lemma zero_mem_Ig: "(\<lambda>j. 0) \<in> Ig"
  using rangeI[of "lin_comb n gc" "\<lambda>b. 0"] by (simp add: lin_comb_def)

lemma add_mem_Ig:
  assumes "x \<in> Ig" "y \<in> Ig"
  shows "(\<lambda>j. x j + y j) \<in> Ig"
proof -
  obtain f f' where "x = lin_comb n gc f" "y = lin_comb n gc f'" using assms by auto
  then have "(\<lambda>j. x j + y j) = lin_comb n gc (\<lambda>a. f a + f' a)"
    unfolding lin_comb_def by (auto simp: sum.distrib algebra_simps)
  then show ?thesis by simp
qed

lemma mult_mem_Ig:
  assumes "x \<in> Ig"
  shows "(\<lambda>j. p * x j) \<in> Ig"
proof -
  obtain f where "x = lin_comb n gc f" using assms by auto
  then have "(\<lambda>j. p * x j) = lin_comb n gc (\<lambda>a. p * f a)"
    unfolding lin_comb_def by (auto simp: sum_distrib_left algebra_simps)
  then show ?thesis by simp
qed

lemma diff_mem_Ig: "x \<in> Ig \<Longrightarrow> y \<in> Ig \<Longrightarrow> (\<lambda>j. x j - y j) \<in> Ig"
  using add_mem_Ig[of x "\<lambda>j. (- 1) * y j"] mult_mem_Ig[of y "- 1"] by simp

lemma sum_mem_Ig: "finite K \<Longrightarrow> (\<And>k. k \<in> K \<Longrightarrow> x k \<in> Ig) \<Longrightarrow> (\<lambda>j. \<Sum>k\<in>K. x k j) \<in> Ig"
proof (induction K rule: finite_induct)
  case (insert k K)
  then show ?case using add_mem_Ig[of "x k" "\<lambda>j. \<Sum>k\<in>K. x k j"] by simp
qed (simp add: zero_mem_Ig)

lemma Ig_subset_skp: "Ig \<subseteq> skp n"
  unfolding lin_comb_def skp_def by (auto simp: comp_eq_0_outside)

lemma comp_mult_gc_mem_Ig: "comp n (\<lambda>j. p * gc a j) c \<in> Ig"
proof (induction p arbitrary: c)
  case 0
  then show ?case using zero_mem_Ig by (simp add: comp_zero)
next
  case (pCons e p)
  show ?case
  proof (cases "c < n")
    case True
    have "comp n (\<lambda>j. pCons e p * gc a j) c
        = (\<lambda>j. [:e:] * comp n (gc a) c j + [:0, 1:] * comp n (\<lambda>j. p * gc a j) (Suc c mod n) j)"
      using True by (intro ext) (simp add: comp_add comp_smult comp_pCons_0)
    also have "\<dots> \<in> Ig"
      using gc_mem_Ig zero_mem_Ig
      by (intro add_mem_Ig mult_mem_Ig pCons.IH) (simp add: comp_comp)
    finally show ?thesis .
  next
    case False
    show ?thesis unfolding comp_eq_0_index_outside[OF n_pos leI[OF False]] by (rule zero_mem_Ig)
  qed
qed

lemma comp_mem_Ig:
  assumes "x \<in> Ig"
  shows "comp n x c \<in> Ig"
proof -
  obtain f where "x = lin_comb n gc f" using assms by auto
  then have "comp n x c = (\<lambda>j. \<Sum>a<n. comp n (\<lambda>j. f a * gc a j) c j)"
    unfolding lin_comb_def using comp_sum[of n "\<lambda>a j. f a * gc a j" "{..<n}" c] by auto
  also have "\<dots> \<in> Ig" by (intro sum_mem_Ig comp_mult_gc_mem_Ig) simp
  finally show ?thesis .
qed

definition comps_right_invertible :: bool where
  "comps_right_invertible \<longleftrightarrow>
     (\<exists>\<beta>. \<forall>a\<in>Tg. \<forall>a'\<in>Tg. (\<Sum>i<n. gc a i * \<beta> i a') = (if a = a' then 1 else 0))"

definition comps_independent :: bool where
  "comps_independent \<longleftrightarrow> (\<forall>c. (\<forall>j. (\<Sum>a\<in>Tg. c a * gc a j) = 0) \<longrightarrow> (\<forall>a\<in>Tg. c a = 0))"

text \<open>For a right inverse \<open>\<beta>\<close>, \<open>lin_proj \<beta>\<close> is an \<open>\<bbbF>[z]\<close>-linear retraction onto \<open>\<langle>g\<rangle>\<close> that does
  not commute with the idempotents \<open>e\<^sub>c\<close>; its componentwise assembly \<open>proj \<beta>\<close> does.\<close>

definition lin_proj :: "(nat \<Rightarrow> nat \<Rightarrow> 'a poly) \<Rightarrow> (nat \<Rightarrow> 'a poly) \<Rightarrow> nat \<Rightarrow> 'a poly" where
  "lin_proj \<beta> y = (\<lambda>j. \<Sum>a\<in>Tg. (\<Sum>i<n. y i * \<beta> i a) * gc a j)"

definition proj :: "(nat \<Rightarrow> nat \<Rightarrow> 'a poly) \<Rightarrow> (nat \<Rightarrow> 'a poly) \<Rightarrow> nat \<Rightarrow> 'a poly" where
  "proj \<beta> y = (\<lambda>j. \<Sum>c<n. comp n (lin_proj \<beta> (comp n y c)) c j)"

lemma lin_proj_add: "lin_proj \<beta> (\<lambda>j. x j + y j) = (\<lambda>j. lin_proj \<beta> x j + lin_proj \<beta> y j)"
  unfolding lin_proj_def by (simp add: sum.distrib distrib_right)

lemma lin_proj_mult: "lin_proj \<beta> (\<lambda>j. p * x j) = (\<lambda>j. p * lin_proj \<beta> x j)"
  unfolding lin_proj_def by (simp add: sum_distrib_left sum_distrib_right mult.assoc)

lemma lin_proj_zero: "lin_proj \<beta> (\<lambda>j. 0) = (\<lambda>j. 0)"
  using lin_proj_mult[of \<beta> 0 "\<lambda>j. 0"] by simp

lemma lin_proj_mem_Ig: "lin_proj \<beta> y \<in> Ig"
  unfolding lin_proj_def by (intro sum_mem_Ig mult_mem_Ig gc_mem_Ig finite_Tg)

lemma proj_mem_Ig: "proj \<beta> y \<in> Ig"
  unfolding proj_def by (intro sum_mem_Ig comp_mem_Ig lin_proj_mem_Ig) simp

lemma proj_add: "proj \<beta> (\<lambda>j. x j + y j) = (\<lambda>j. proj \<beta> x j + proj \<beta> y j)"
proof -
  have "\<And>c. comp n (\<lambda>j. x j + y j) c = (\<lambda>j. comp n x c j + comp n y c j)"
    by (rule ext) (rule comp_add)
  then show ?thesis unfolding proj_def by (simp add: lin_proj_add comp_add sum.distrib)
qed

lemma proj_zero: "proj \<beta> (\<lambda>j. 0) = (\<lambda>j. 0)"
  unfolding proj_def by (simp add: comp_zero lin_proj_zero)

lemma proj_smult: "proj \<beta> (\<lambda>j. smult e (x j)) = (\<lambda>j. smult e (proj \<beta> x j))"
proof -
  have "\<And>c. comp n (\<lambda>j. smult e (x j)) c = (\<lambda>j. smult e (comp n x c j))"
    by (rule ext) (rule comp_smult)
  moreover have "\<And>y. lin_proj \<beta> (\<lambda>j. smult e (y j)) = (\<lambda>j. smult e (lin_proj \<beta> y j))"
    using lin_proj_mult[of \<beta> "[:e:]"] by simp
  ultimately show ?thesis unfolding proj_def by (simp add: comp_smult smult_sum_distrib)
qed
lemma cct_fillingI:
  assumes "\<And>r c. T (r, c) \<noteq> CE \<Longrightarrow> in_diag lam r c"
    and "\<And>r c c'. T (r, c) = CB \<Longrightarrow> c' < c \<Longrightarrow> T (r, c') = CE"
    and "\<And>r c r'. T (r, c) = CA \<Longrightarrow> r' < r \<Longrightarrow> T (r', c) = CE"
    and "\<And>r c. in_diag lam r c \<Longrightarrow> (\<And>r'. r < r' \<Longrightarrow> T (r', c) \<noteq> CA) \<Longrightarrow>
      (\<And>c'. c < c' \<Longrightarrow> T (r, c') \<noteq> CB) \<Longrightarrow> T (r, c) \<noteq> CE"
  shows "cct_filling lam T"
  using assms unfolding cct_filling_def by blast

lemma cct_filling_row_0: "cct_filling lam T \<Longrightarrow> T (0, c) = CE"
  using cct_filling_in_diag[of lam T 0 c] by (auto simp: in_diag_def)

lemma cct_bounds:
  assumes "cct k lam T" "T (r, c) \<noteq> CE"
  shows "1 \<le> r \<and> r \<le> k \<and> 1 \<le> c \<and> c \<le> lam 1"
proof -
  have part: "partition_of_length k lam" and diag: "in_diag lam r c"
    using assms cct_filling_in_diag by (auto simp: cct_def)
  have "r \<le> k"
  proof (rule ccontr)
    assume "\<not> r \<le> k"
    then show False using diag partition_of_length_eq_0[OF part, of r] by (simp add: in_diag_def)
  qed
  then show ?thesis
    using diag partition_of_length_le_first[OF part, of r] by (auto simp: in_diag_def)
qed

lemma cct_filling_if_is_cct:
  assumes "is_cct k n lam T"
  shows "cct_filling lam T"
proof -
  have outside: "\<And>r c. \<not> in_diag lam r c \<Longrightarrow> T (r, c) = CE"
    and beta: "\<And>r c c'. in_diag lam r c \<Longrightarrow> T (r, c) = CB \<Longrightarrow> 1 \<le> c' \<Longrightarrow> c' < c \<Longrightarrow>
        T (r, c') = CE"
    and alpha: "\<And>r c r'. in_diag lam r c \<Longrightarrow> T (r, c) = CA \<Longrightarrow> 1 \<le> r' \<Longrightarrow> r' < r \<Longrightarrow>
        T (r', c) = CE"
    and cover: "\<And>r c. in_diag lam r c \<Longrightarrow>
        \<not> (\<exists>r'. r < r' \<and> in_diag lam r' c \<and> T (r', c) = CA) \<Longrightarrow>
        \<not> (\<exists>c'. c < c' \<and> in_diag lam r c' \<and> T (r, c') = CB) \<Longrightarrow> T (r, c) = CA \<or> T (r, c) = CB"
    using assms unfolding is_cct_def by blast+
  show ?thesis
  proof (rule cct_fillingI)
    fix r c assume "T (r, c) \<noteq> CE"
    then show "in_diag lam r c" using outside by blast
  next
    fix r c c' assume "T (r, c) = CB" "c' < c"
    then show "T (r, c') = CE"
      using beta[of r c c'] outside[of r c] outside[of r 0] by (cases "c' = 0") (auto simp: in_diag_def)
  next
    fix r c r' assume "T (r, c) = CA" "r' < r"
    then show "T (r', c) = CE"
      using alpha[of r c r'] outside[of r c] outside[of 0 c] by (cases "r' = 0") (auto simp: in_diag_def)
  next
    fix r c assume "in_diag lam r c" "\<And>r'. r < r' \<Longrightarrow> T (r', c) \<noteq> CA"
      "\<And>c'. c < c' \<Longrightarrow> T (r, c') \<noteq> CB"
    then show "T (r, c) \<noteq> CE" using cover[of r c] by auto
  qed
qed

lemma is_cct_if_cct_filling:
  assumes "is_partition k n lam" and filling: "cct_filling lam T"
  shows "is_cct k n lam T"
proof -
  have "\<forall>r c. \<not> in_diag lam r c \<longrightarrow> T (r, c) = CE"
    using cct_filling_in_diag[OF filling] by blast
  moreover have "\<forall>r c c'. in_diag lam r c \<and> T (r, c) = CB \<and> 1 \<le> c' \<and> c' < c \<longrightarrow> T (r, c') = CE"
    using cct_filling_beta[OF filling] by blast
  moreover have "\<forall>r c r'. in_diag lam r c \<and> T (r, c) = CA \<and> 1 \<le> r' \<and> r' < r \<longrightarrow> T (r', c) = CE"
    using cct_filling_alpha[OF filling] by blast
  moreover have "T (r, c) = CA \<or> T (r, c) = CB"
    if "in_diag lam r c" "\<not> (\<exists>r'. r < r' \<and> in_diag lam r' c \<and> T (r', c) = CA)"
      "\<not> (\<exists>c'. c < c' \<and> in_diag lam r c' \<and> T (r, c') = CB)" for r c
  proof -
    have "T (r, c) \<noteq> CE"
      using cct_filling_cover[OF filling that(1)] that(2,3) cct_filling_in_diag[OF filling]
      by (metis cell.distinct(1,3,5))
    then show ?thesis by (cases "T (r, c)") simp_all
  qed
  ultimately show "is_cct k n lam T" using assms(1) unfolding is_cct_def by blast
qed

lemma is_cct_iff: "is_cct k n lam T \<longleftrightarrow> is_partition k n lam \<and> cct_filling lam T"
proof -
  have "is_cct k n lam T \<Longrightarrow> is_partition k n lam"
    unfolding is_cct_def by (rule conjunct1)
  then show ?thesis using cct_filling_if_is_cct is_cct_if_cct_filling by blast
qed

lemma is_partition_iff:
  assumes "1 \<le> k"
  shows "is_partition k n lam \<and> 1 \<le> lam k \<longleftrightarrow> partition_of_length k lam \<and> k \<le> n \<and> lam 1 \<le> n - k"
proof
  assume part: "is_partition k n lam \<and> 1 \<le> lam k"
  then have decr: "\<forall>r. 1 \<le> r \<and> r < k \<longrightarrow> lam (Suc r) \<le> lam r" by (simp add: is_partition_def)
  have "1 \<le> lam r" if "1 \<le> r" "r \<le> k" for r
    using decreasing_antimono[OF decr that] part by simp
  moreover have "lam r = 0" if "r = 0 \<or> k < r" for r
    using part that by (auto simp: is_partition_def)
  ultimately have "lam r = 0 \<longleftrightarrow> r = 0 \<or> k < r" for r
    by (metis not_le not_one_le_zero One_nat_def Suc_leI neq0_conv)
  then show "partition_of_length k lam \<and> k \<le> n \<and> lam 1 \<le> n - k"
    using part by (simp add: partition_of_length_def is_partition_def)
next
  assume part: "partition_of_length k lam \<and> k \<le> n \<and> lam 1 \<le> n - k"
  then have "1 \<le> lam k" using partition_of_length_pos[of k lam k] assms by simp
  with part show "is_partition k n lam \<and> 1 \<le> lam k"
    by (auto simp: is_partition_def partition_of_length_def)
qed

section \<open>Removing and adding the top row\<close>

definition lower_shape :: "(nat \<Rightarrow> nat) \<Rightarrow> nat \<Rightarrow> nat" where
  "lower_shape lam = (\<lambda>r. if r = 0 then 0 else lam (Suc r))"

definition lower_filling :: "(nat \<times> nat \<Rightarrow> cell) \<Rightarrow> nat \<times> nat \<Rightarrow> cell" where
  "lower_filling T = (\<lambda>(r, c). if r = 0 then CE else T (Suc r, c))"

definition free_columns :: "(nat \<times> nat \<Rightarrow> cell) \<Rightarrow> nat \<Rightarrow> nat set" where
  "free_columns T E = {c. 1 \<le> c \<and> c \<le> E \<and> (\<forall>r. T (r, c) \<noteq> CA)}"

text \<open>\<open>b = 0\<close> encodes a top row without \<open>\<beta>\<close>.\<close>

definition top_row :: "nat \<Rightarrow> (nat \<times> nat \<Rightarrow> cell) \<Rightarrow> nat \<Rightarrow> nat \<Rightarrow> cell" where
  "top_row E T b c = (if b \<noteq> 0 \<and> c = b then CB else if c \<in> free_columns T E \<and> b < c then CA else CE)"

definition add_row_shape :: "nat \<Rightarrow> (nat \<Rightarrow> nat) \<Rightarrow> nat \<Rightarrow> nat" where
  "add_row_shape E lam = (\<lambda>r. if r = 0 then 0 else if r = 1 then E else lam (r - 1))"

definition add_row_filling :: "nat \<Rightarrow> (nat \<times> nat \<Rightarrow> cell) \<Rightarrow> nat \<Rightarrow> nat \<times> nat \<Rightarrow> cell" where
  "add_row_filling E T b = (\<lambda>(r, c). if r = 0 then CE else if r = 1 then top_row E T b c else T (r - 1, c))"

definition top_beta :: "(nat \<times> nat \<Rightarrow> cell) \<Rightarrow> nat" where
  "top_beta T = (if \<exists>c. T (1, c) = CB then THE c. T (1, c) = CB else 0)"

lemma in_diag_lower_shape: "in_diag (lower_shape lam) r c \<longleftrightarrow> 1 \<le> r \<and> in_diag lam (Suc r) c"
  by (auto simp: in_diag_def lower_shape_def)

lemma in_diag_add_row_shape:
  "in_diag (add_row_shape E lam) r c \<longleftrightarrow> (r = 1 \<and> 1 \<le> c \<and> c \<le> E) \<or> (2 \<le> r \<and> in_diag lam (r - 1) c)"
  by (auto simp: in_diag_def add_row_shape_def)

lemma top_row_eq_CB: "top_row E T b c = CB \<longleftrightarrow> b \<noteq> 0 \<and> c = b"
  by (simp add: top_row_def)

lemma cct_lower:
  assumes "cct (Suc k) lam T"
  shows "cct k (lower_shape lam) (lower_filling T)"
proof -
  have part: "partition_of_length (Suc k) lam" and filling: "cct_filling lam T"
    using assms by (simp_all add: cct_def)
  have "partition_of_length k (lower_shape lam)"
    using part by (auto simp: partition_of_length_def lower_shape_def)
  moreover have "cct_filling (lower_shape lam) (lower_filling T)"
  proof (rule cct_fillingI)
    fix r c assume "lower_filling T (r, c) \<noteq> CE"
    then show "in_diag (lower_shape lam) r c"
      using cct_filling_in_diag[OF filling, of "Suc r" c]
      by (cases "r = 0") (auto simp: lower_filling_def in_diag_lower_shape)
  next
    fix r c c' assume "lower_filling T (r, c) = CB" "c' < c"
    then show "lower_filling T (r, c') = CE"
      using cct_filling_beta[OF filling] by (auto simp: lower_filling_def split: if_splits)
  next
    fix r c r' assume "lower_filling T (r, c) = CA" "r' < r"
    then show "lower_filling T (r', c) = CE"
      using cct_filling_alpha[OF filling] by (auto simp: lower_filling_def split: if_splits)
  next
    fix r c assume diag: "in_diag (lower_shape lam) r c"
      and no_alpha: "\<And>r'. r < r' \<Longrightarrow> lower_filling T (r', c) \<noteq> CA"
      and no_beta: "\<And>c'. c < c' \<Longrightarrow> lower_filling T (r, c') \<noteq> CB"
    have "T (r', c) \<noteq> CA" if "Suc r < r'" for r'
      using no_alpha[of "r' - 1"] that by (auto simp: lower_filling_def)
    moreover have "T (Suc r, c') \<noteq> CB" if "c < c'" for c'
      using no_beta[OF that] diag by (auto simp: lower_filling_def in_diag_lower_shape)
    ultimately show "lower_filling T (r, c) \<noteq> CE"
      using cct_filling_cover[OF filling] diag by (auto simp: lower_filling_def in_diag_lower_shape)
  qed
  ultimately show ?thesis by (simp add: cct_def)
qed

lemma top_beta_eq:
  assumes "cct k lam T" "T (1, c) = CB"
  shows "top_beta T = c"
proof -
  have filling: "cct_filling lam T" using assms(1) by (simp add: cct_def)
  have "c' = c" if "T (1, c') = CB" for c'
    using cct_filling_beta[OF filling, of 1 c c'] cct_filling_beta[OF filling, of 1 c' c] that assms(2)
    by (cases c' c rule: linorder_cases) auto
  then have "(THE c. T (1, c) = CB) = c" using assms(2) by blast
  then show ?thesis using assms(2) by (auto simp: top_beta_def)
qed

lemma top_beta_cases:
  assumes "cct k lam T"
  obtains "top_beta T = 0" "\<And>c. T (1, c) \<noteq> CB"
    | "top_beta T \<noteq> 0" "T (1, top_beta T) = CB"
proof (cases "\<exists>c. T (1, c) = CB")
  case True
  then obtain c where c: "T (1, c) = CB" by blast
  then have "c \<noteq> 0" using cct_filling_in_diag[of lam T 1 c] assms by (auto simp: cct_def in_diag_def)
  then show ?thesis using that(2) c top_beta_eq[OF assms c] by simp
next
  case False
  then show ?thesis using that(1) by (auto simp: top_beta_def)
qed

lemma free_columns_lower_filling:
  "c \<in> free_columns (lower_filling T) E \<longleftrightarrow> 1 \<le> c \<and> c \<le> E \<and> (\<forall>r > 1. T (r, c) \<noteq> CA)"
proof -
  have "(\<forall>r. lower_filling T (r, c) \<noteq> CA) \<longleftrightarrow> (\<forall>r > 1. T (r, c) \<noteq> CA)"
    by (auto simp: lower_filling_def) (metis Suc_lessE less_numeral_extra(4))
  then show ?thesis by (simp add: free_columns_def)
qed

lemma cct_top_row_free:
  assumes "cct k lam T" "T (1, c) \<noteq> CE"
  shows "c \<in> free_columns (lower_filling T) (lam 1)"
proof -
  have filling: "cct_filling lam T" using assms(1) by (simp add: cct_def)
  show ?thesis
    using cct_filling_in_diag[OF filling assms(2)] cct_filling_alpha[OF filling, of _ c 1] assms(2)
    by (auto simp: free_columns_lower_filling in_diag_def)
qed

lemma cct_top_row:
  assumes "cct k lam T"
  shows "T (1, c) = top_row (lam 1) (lower_filling T) (top_beta T) c"
proof -
  have filling: "cct_filling lam T" using assms by (simp add: cct_def)
  let ?E = "lam 1" and ?b = "top_beta T" and ?T' = "lower_filling T"
  show ?thesis
  proof (cases "T (1, c)")
    case CB
    then show ?thesis
      using top_beta_eq[OF assms CB] cct_filling_in_diag[OF filling, of 1 c]
      by (simp add: top_row_def in_diag_def)
  next
    case CA
    have "?b < c"
    proof (cases rule: top_beta_cases[OF assms])
      case 1
      then show ?thesis using cct_filling_in_diag[OF filling, of 1 c] CA by (simp add: in_diag_def)
    next
      case 2
      then show ?thesis using cct_filling_beta[OF filling, of 1 ?b c] CA
        by (cases c ?b rule: linorder_cases) auto
    qed
    then show ?thesis using CA cct_top_row_free[OF assms, of c] by (simp add: top_row_def)
  next
    case CE
    have "\<not> (c \<in> free_columns ?T' ?E \<and> ?b < c)"
    proof
      assume free: "c \<in> free_columns ?T' ?E \<and> ?b < c"
      have "T (1, c') \<noteq> CB" if "c < c'" for c'
        using top_beta_eq[OF assms, of c'] free that by auto
      then have "T (1, c) \<noteq> CE"
        using cct_filling_cover[OF filling, of 1 c] free
        by (auto simp: free_columns_lower_filling in_diag_def)
      then show False using CE by simp
    qed
    moreover have "\<not> (?b \<noteq> 0 \<and> c = ?b)"
      using CE by (cases rule: top_beta_cases[OF assms]) auto
    ultimately show ?thesis using CE by (simp add: top_row_def)
  qed
qed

=======

(Requirement)
Go through the listing above and return every line where the word "forall" occurs.

(Written reply)
     (\<exists>\<beta>. \<forall>a\<in>Tg. \<forall>a'\<in>Tg. (\<Sum>i<n. gc a i * \<beta> i a') = (if a = a' then 1 else 0))"
  "comps_independent \<longleftrightarrow> (\<forall>c. (\<forall>j. (\<Sum>a\<in>Tg. c a * gc a j) = 0) \<longrightarrow> (\<forall>a\<in>Tg. c a = 0))"
  have "\<forall>r c. \<not> in_diag lam r c \<longrightarrow> T (r, c) = CE"
  moreover have "\<forall>r c c'. in_diag lam r c \<and> T (r, c) = CB \<and> 1 \<le> c' \<and> c' < c \<longrightarrow> T (r, c') = CE"
  moreover have "\<forall>r c r'. in_diag lam r c \<and> T (r, c) = CA \<and> 1 \<le> r' \<and> r' < r \<longrightarrow> T (r', c) = CE"
  then have decr: "\<forall>r. 1 \<le> r \<and> r < k \<longrightarrow> lam (Suc r) \<le> lam r" by (simp add: is_partition_def)
  "free_columns T E = {c. 1 \<le> c \<and> c \<le> E \<and> (\<forall>r. T (r, c) \<noteq> CA)}"
  "c \<in> free_columns (lower_filling T) E \<longleftrightarrow> 1 \<le> c \<and> c \<le> E \<and> (\<forall>r > 1. T (r, c) \<noteq> CA)"
  have "(\<forall>r. lower_filling T (r, c) \<noteq> CA) \<longleftrightarrow> (\<forall>r > 1. T (r, c) \<noteq> CA)"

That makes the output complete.